• _EXERCISE GOAL_:
Where a line holds the word "vanishes", copy it from the records.

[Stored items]
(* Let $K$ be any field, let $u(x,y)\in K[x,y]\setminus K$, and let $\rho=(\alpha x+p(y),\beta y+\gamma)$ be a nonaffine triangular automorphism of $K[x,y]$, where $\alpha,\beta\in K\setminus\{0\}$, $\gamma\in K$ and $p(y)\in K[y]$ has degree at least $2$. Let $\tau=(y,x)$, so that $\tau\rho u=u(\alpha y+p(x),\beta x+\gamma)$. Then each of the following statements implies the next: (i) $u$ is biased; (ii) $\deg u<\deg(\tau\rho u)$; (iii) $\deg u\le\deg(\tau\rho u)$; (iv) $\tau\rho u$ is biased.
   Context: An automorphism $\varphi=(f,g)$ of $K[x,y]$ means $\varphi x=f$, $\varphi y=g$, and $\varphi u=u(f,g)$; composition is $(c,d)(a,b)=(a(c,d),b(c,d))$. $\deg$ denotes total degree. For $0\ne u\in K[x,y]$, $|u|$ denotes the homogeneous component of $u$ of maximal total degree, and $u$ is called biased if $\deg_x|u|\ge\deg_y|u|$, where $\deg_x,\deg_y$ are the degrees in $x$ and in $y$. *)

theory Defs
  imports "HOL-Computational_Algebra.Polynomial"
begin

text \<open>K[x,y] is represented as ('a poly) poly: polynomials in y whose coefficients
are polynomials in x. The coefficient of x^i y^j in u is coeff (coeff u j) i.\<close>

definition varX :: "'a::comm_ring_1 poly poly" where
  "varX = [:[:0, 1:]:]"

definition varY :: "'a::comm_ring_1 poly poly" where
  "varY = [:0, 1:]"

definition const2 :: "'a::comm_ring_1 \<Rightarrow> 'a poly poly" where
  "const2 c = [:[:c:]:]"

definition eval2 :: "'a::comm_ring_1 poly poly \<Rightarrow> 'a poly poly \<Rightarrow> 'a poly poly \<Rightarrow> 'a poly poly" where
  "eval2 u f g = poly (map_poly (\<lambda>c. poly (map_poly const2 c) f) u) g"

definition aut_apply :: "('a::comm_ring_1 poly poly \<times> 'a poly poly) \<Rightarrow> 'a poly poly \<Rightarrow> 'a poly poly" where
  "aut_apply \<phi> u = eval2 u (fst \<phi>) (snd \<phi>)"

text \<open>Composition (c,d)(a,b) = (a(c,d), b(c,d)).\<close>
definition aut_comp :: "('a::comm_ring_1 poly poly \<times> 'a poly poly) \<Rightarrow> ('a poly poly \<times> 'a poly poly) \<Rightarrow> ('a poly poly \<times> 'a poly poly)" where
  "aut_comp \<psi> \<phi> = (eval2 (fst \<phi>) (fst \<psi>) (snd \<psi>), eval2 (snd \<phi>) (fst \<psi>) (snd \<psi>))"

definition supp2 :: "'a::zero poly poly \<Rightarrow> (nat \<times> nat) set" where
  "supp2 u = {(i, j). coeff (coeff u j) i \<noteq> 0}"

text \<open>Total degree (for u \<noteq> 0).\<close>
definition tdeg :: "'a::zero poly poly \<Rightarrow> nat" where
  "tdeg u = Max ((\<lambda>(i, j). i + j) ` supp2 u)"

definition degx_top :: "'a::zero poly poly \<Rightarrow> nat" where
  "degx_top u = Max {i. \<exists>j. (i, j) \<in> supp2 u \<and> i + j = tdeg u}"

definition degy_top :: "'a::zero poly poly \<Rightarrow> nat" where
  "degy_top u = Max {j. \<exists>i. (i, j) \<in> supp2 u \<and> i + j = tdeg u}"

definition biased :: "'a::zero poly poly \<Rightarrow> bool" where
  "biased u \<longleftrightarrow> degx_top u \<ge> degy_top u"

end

--

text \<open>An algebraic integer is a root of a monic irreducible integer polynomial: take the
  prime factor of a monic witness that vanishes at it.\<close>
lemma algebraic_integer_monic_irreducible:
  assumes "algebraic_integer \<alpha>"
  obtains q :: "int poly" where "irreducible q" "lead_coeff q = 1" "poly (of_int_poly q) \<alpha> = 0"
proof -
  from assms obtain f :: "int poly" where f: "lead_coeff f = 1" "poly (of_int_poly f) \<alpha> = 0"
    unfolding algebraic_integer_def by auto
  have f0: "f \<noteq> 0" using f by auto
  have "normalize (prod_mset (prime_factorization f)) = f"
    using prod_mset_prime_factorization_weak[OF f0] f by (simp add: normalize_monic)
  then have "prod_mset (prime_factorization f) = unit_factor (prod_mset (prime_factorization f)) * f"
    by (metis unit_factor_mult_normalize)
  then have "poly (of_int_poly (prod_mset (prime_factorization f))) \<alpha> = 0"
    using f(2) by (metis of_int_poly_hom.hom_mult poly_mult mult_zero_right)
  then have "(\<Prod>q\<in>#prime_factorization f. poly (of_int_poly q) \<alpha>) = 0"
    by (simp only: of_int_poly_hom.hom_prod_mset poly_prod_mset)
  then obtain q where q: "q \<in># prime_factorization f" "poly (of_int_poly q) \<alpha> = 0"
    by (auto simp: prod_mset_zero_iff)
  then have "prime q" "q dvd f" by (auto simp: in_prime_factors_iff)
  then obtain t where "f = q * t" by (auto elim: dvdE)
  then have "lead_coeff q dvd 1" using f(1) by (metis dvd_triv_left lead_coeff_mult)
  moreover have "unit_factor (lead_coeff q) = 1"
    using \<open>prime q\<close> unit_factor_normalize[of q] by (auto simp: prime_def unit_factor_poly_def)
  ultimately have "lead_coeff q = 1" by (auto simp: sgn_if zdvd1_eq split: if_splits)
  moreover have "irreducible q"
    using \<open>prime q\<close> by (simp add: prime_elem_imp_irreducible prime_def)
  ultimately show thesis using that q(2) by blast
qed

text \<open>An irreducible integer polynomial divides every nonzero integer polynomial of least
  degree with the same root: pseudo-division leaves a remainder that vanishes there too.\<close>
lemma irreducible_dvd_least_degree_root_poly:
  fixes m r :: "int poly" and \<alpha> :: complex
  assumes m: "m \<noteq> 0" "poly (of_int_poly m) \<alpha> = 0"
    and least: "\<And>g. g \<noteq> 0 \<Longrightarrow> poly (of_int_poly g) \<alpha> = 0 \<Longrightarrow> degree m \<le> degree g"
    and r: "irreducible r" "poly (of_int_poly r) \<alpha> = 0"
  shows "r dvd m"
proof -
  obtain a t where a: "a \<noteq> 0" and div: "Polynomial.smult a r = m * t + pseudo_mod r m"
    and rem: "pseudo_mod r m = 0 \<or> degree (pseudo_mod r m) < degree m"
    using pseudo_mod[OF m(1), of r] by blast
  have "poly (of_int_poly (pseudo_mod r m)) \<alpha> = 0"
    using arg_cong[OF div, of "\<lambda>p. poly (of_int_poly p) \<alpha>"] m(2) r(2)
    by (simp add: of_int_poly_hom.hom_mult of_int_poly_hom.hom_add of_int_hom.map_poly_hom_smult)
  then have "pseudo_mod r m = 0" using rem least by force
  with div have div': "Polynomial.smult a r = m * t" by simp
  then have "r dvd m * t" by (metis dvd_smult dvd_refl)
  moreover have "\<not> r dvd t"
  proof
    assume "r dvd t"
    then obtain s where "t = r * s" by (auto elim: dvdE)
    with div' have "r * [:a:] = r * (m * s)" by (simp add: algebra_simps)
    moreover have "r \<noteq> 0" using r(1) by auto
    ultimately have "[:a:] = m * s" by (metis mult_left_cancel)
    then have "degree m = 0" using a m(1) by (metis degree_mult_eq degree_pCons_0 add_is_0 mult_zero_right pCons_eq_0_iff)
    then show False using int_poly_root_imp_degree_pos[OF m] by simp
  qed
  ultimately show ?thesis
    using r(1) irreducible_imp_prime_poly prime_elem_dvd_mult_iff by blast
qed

• _SOLVED EXERCISE_:
  prime factor of a monic witness that vanishes at it.\<close>
  degree with the same root: pseudo-division leaves a remainder that vanishes there too.\<close>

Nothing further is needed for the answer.